INTRODUCTION: As the elderly population in the United States continues to grow, issues related to maintenance of health become increasingly important. Physical activity has positive benefits for healthy aging. Running, a popular form of exercise, is associated with the risk of developing injury, especially in older runners. Initial differences between older and younger runners have been observed, but these were observed without consideration of other differences between groups, such as running mileage.

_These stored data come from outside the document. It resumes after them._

(* Let $V\in\mathbb{R}^{k\times n}$ with columns $v_1,\ldots,v_n$ satisfy $\mathrm{rank}(V)<k$. Let $P=\mathrm{diag}(P_1,\ldots,P_n)\in\mathbb{R}^{nk\times nk}$ be block diagonal with $P_i=I_k-v_iv_i^T$. Then for any $A,B\in\mathbb{R}^{n\times n}$, every (possibly complex) eigenvalue of $AB$ is also an eigenvalue of $J=(A\otimes I_k)\,P\,(B\otimes I_k)$.
   Context: $\otimes$ is the Kronecker product; $I_k$ is the $k\times k$ identity. *)

theory Defs
  imports "HOL-Analysis.Analysis"
begin

definition cmat :: "real^'m^'m \<Rightarrow> complex^'m^'m" where
  "cmat M = (\<chi> i j. complex_of_real (M $ i $ j))"

definition complex_eigenvalue :: "real^'m^'m \<Rightarrow> complex \<Rightarrow> bool" where
  "complex_eigenvalue M \<mu> \<longleftrightarrow> (\<exists>x::complex^'m. x \<noteq> 0 \<and> cmat M *v x = \<mu> *s x)"

text \<open>Kronecker product; the index (i,a) of the product corresponds to row
  (i-1)k + a in the usual block ordering.\<close>
definition kron :: "real^'n^'m \<Rightarrow> real^'q^'p \<Rightarrow> real^('n \<times> 'q)^('m \<times> 'p)" where
  "kron A B = (\<chi> r c. A $ fst r $ fst c * B $ snd r $ snd c)"

definition blockP :: "real^'n^'k \<Rightarrow> real^('n \<times> 'k)^('n \<times> 'k)" where
  "blockP V = (\<chi> r c. if fst r = fst c then
      (mat 1 :: real^'k^'k) $ snd r $ snd c
        - column (fst r) V $ snd r * column (fst r) V $ snd c else 0)"

end

theory Submission
  imports Defs
begin

text \<open>Since \<open>rank V < k\<close> there is a nonzero \<open>w \<in> \<real>\<^sup>k\<close> orthogonal to every column \<open>v\<^sub>i\<close>,
  so every \<open>P\<^sub>i\<close> fixes \<open>w\<close> and \<open>P\<close> fixes every vector \<open>x \<otimes> w\<close>. As \<open>(M \<otimes> I\<^sub>k)(x \<otimes> w) = Mx \<otimes> w\<close>,
  this gives \<open>J (x \<otimes> w) = ABx \<otimes> w\<close>, so an eigenvector \<open>x\<close> of \<open>AB\<close> yields the eigenvector
  \<open>x \<otimes> w\<close> of \<open>J\<close> for the same eigenvalue.\<close>

definition tensor_vec :: "complex^'n \<Rightarrow> real^'k \<Rightarrow> complex^('n \<times> 'k)" where
  "tensor_vec u w = (\<chi> r. u $ fst r * of_real (w $ snd r))"

lemma tensor_vec_eq_0_iff: "tensor_vec u w = 0 \<longleftrightarrow> u = 0 \<or> w = 0"
proof
  assume "tensor_vec u w = 0"
  then have "tensor_vec u w $ (i, a) = 0" for i a
    by simp
  then have "u $ i * of_real (w $ a) = 0" for i a
    by (simp add: tensor_vec_def)
  then show "u = 0 \<or> w = 0"
    by (auto simp: vec_eq_iff)
qed (auto simp: tensor_vec_def vec_eq_iff)

lemma tensor_vec_scale: "tensor_vec (c *s u) w = c *s tensor_vec u w"
  by (simp add: tensor_vec_def vec_eq_iff mult.assoc)

lemma cmat_mult: "cmat (M ** N) = cmat M ** cmat N"
  by (simp add: cmat_def matrix_matrix_mult_def vec_eq_iff of_real_sum)

lemma sum_UNIV_prod: "(\<Sum>c\<in>UNIV. f c) = (\<Sum>j\<in>UNIV. \<Sum>b\<in>UNIV. f (j, b))"
  by (simp add: sum.cartesian_product UNIV_Times_UNIV[symmetric] del: UNIV_Times_UNIV)

lemma cmat_kron_tensor_vec:
  fixes M :: "real^'n^'n" and N :: "real^'k^'k"
  shows "cmat (kron M N) *v tensor_vec u w = tensor_vec (cmat M *v u) (N *v w)"
proof -
  have "(\<Sum>j\<in>UNIV. \<Sum>b\<in>UNIV. of_real (M $ i $ j * N $ a $ b) * (u $ j * of_real (w $ b)))
      = (\<Sum>j\<in>UNIV. of_real (M $ i $ j) * u $ j) * of_real (\<Sum>b\<in>UNIV. N $ a $ b * w $ b)" for i a
    by (simp add: sum_product of_real_sum mult_ac)
  then show ?thesis
    by (simp add: vec_eq_iff matrix_vector_mult_def cmat_def kron_def tensor_vec_def sum_UNIV_prod)
qed

lemma blockP_nth:
  "blockP V $ (i, a) $ (j, b) = (if i = j then mat 1 $ a $ b - V $ a $ i * V $ b $ i else 0)"
  by (simp add: blockP_def column_def)

lemma cmat_blockP_tensor_vec:
  fixes V :: "real^'n^'k"
  assumes "transpose V *v w = 0"
  shows "cmat (blockP V) *v tensor_vec u w = tensor_vec u w"
proof -
  have orth: "(\<Sum>b\<in>UNIV. V $ b $ i * w $ b) = 0" for i
    using assms by (simp add: vec_eq_iff matrix_vector_mult_def transpose_def)
  have "(\<Sum>j\<in>UNIV. \<Sum>b\<in>UNIV. of_real (if i = j then mat 1 $ a $ b - V $ a $ i * V $ b $ i else 0)
         * (u $ j * of_real (w $ b)))
      = u $ i * of_real (\<Sum>b\<in>UNIV. (mat 1 $ a $ b - V $ a $ i * V $ b $ i) * w $ b)" for i a
  proof -
    have "of_real (if i = j then mat 1 $ a $ b - V $ a $ i * V $ b $ i else 0) * (u $ j * of_real (w $ b))
        = (if j = i then u $ i * of_real ((mat 1 $ a $ b - V $ a $ i * V $ b $ i) * w $ b) else 0)"
      for j b
      by (simp add: mult_ac)
    then show ?thesis
      by (subst sum.swap) (simp add: sum_distrib_left)
  qed
  moreover have "(\<Sum>b\<in>UNIV. (mat 1 $ a $ b - V $ a $ i * V $ b $ i) * w $ b) = w $ a" for i a
  proof -
    have "(\<Sum>b\<in>UNIV. mat 1 $ a $ b * w $ b) = w $ a"
      using matrix_vector_mul_lid[of w] by (simp only: vec_eq_iff matrix_vector_mult_def vec_lambda_beta)
    then show ?thesis
      by (simp add: left_diff_distrib sum_subtractf mult.assoc orth flip: sum_distrib_left)
  qed
  ultimately show ?thesis
    by (simp add: vec_eq_iff matrix_vector_mult_def cmat_def blockP_nth tensor_vec_def sum_UNIV_prod)
qed

lemma rank_lt_nrows_imp_left_null_vector:
  fixes V :: "real^'n^'k"
  assumes "rank V < CARD('k)"
  obtains w where "w \<noteq> 0" and "transpose V *v w = 0"
proof -
  have "rank (transpose V) \<noteq> CARD('k)"
    using assms by (simp add: rank_transpose)
  then show ?thesis
    using matrix_nonfull_linear_equations_eq that by blast
qed

theorem lemma8:
  fixes V :: "real^'n^'k" and A B :: "real^'n^'n" and \<mu> :: complex
  assumes "rank V < CARD('k)"
    and "complex_eigenvalue (A ** B) \<mu>"
  shows "complex_eigenvalue
           (kron A (mat 1 :: real^'k^'k) ** blockP V ** kron B (mat 1 :: real^'k^'k)) \<mu>"
proof -
  obtain w :: "real^'k" where w: "w \<noteq> 0" "transpose V *v w = 0"
    using rank_lt_nrows_imp_left_null_vector[OF assms(1)] .
  obtain x where x: "x \<noteq> 0" "cmat A *v (cmat B *v x) = \<mu> *s x"
    using assms(2) by (auto simp: complex_eigenvalue_def cmat_mult matrix_vector_mul_assoc)
  have "cmat (kron A (mat 1 :: real^'k^'k) ** blockP V ** kron B (mat 1)) *v tensor_vec x w
      = cmat (kron A (mat 1)) *v (cmat (blockP V) *v (cmat (kron B (mat 1)) *v tensor_vec x w))"
    by (simp only: cmat_mult matrix_vector_mul_assoc matrix_mul_assoc)
  also have "\<dots> = tensor_vec (cmat A *v (cmat B *v x)) w"
    unfolding cmat_kron_tensor_vec cmat_blockP_tensor_vec[OF w(2)] matrix_vector_mul_lid ..
  also have "\<dots> = \<mu> *s tensor_vec x w"
    unfolding x(2) tensor_vec_scale ..
  finally have "cmat (kron A (mat 1 :: real^'k^'k) ** blockP V ** kron B (mat 1)) *v tensor_vec x w
      = \<mu> *s tensor_vec x w" .
  moreover have "tensor_vec x w \<noteq> 0"
    using w(1) x(1) by (simp add: tensor_vec_eq_0_iff)
  ultimately show ?thesis
    unfolding complex_eigenvalue_def by blast
qed

end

PURPOSE: This study aims to compare running mechanics and lower-extremity coordination variability in matched groups of healthy younger and healthy older runners.

METHODS: Three-dimensional kinetics and kinematics were collected while 14 older adults (45-65 yr) and younger adults (18-35 yr) ran overground at 3.5 m·s. Knee, ankle, and hip joint angles and moments were determined. Discrete measures at foot strike (maximum and minimum) were determined and compared between groups. Segment angles during stance were utilized to calculate segment coordination variability between pelvis and thigh, thigh and shank, and shank and foot, using a modified vector coding technique.

RESULTS: Knee and ankle joint angles were similar between groups (P > 0.05). Older runners had greater hip range of motion (P = 0.01) and peak hip flexion (P = 0.001) at a more extended hip position than younger runners. Older runners had smaller ankle plantarflexion moment (P = 0.04) and hip rotational moment (P = 0.005) than younger runners. There were no between-group differences in any of the variability measures (P > 0.05).

CONCLUSIONS: Runners appear to maintain movement patterns and variability during running with increasing age, indicating that running itself may be contributing to maintenance of health among older runners in the current study.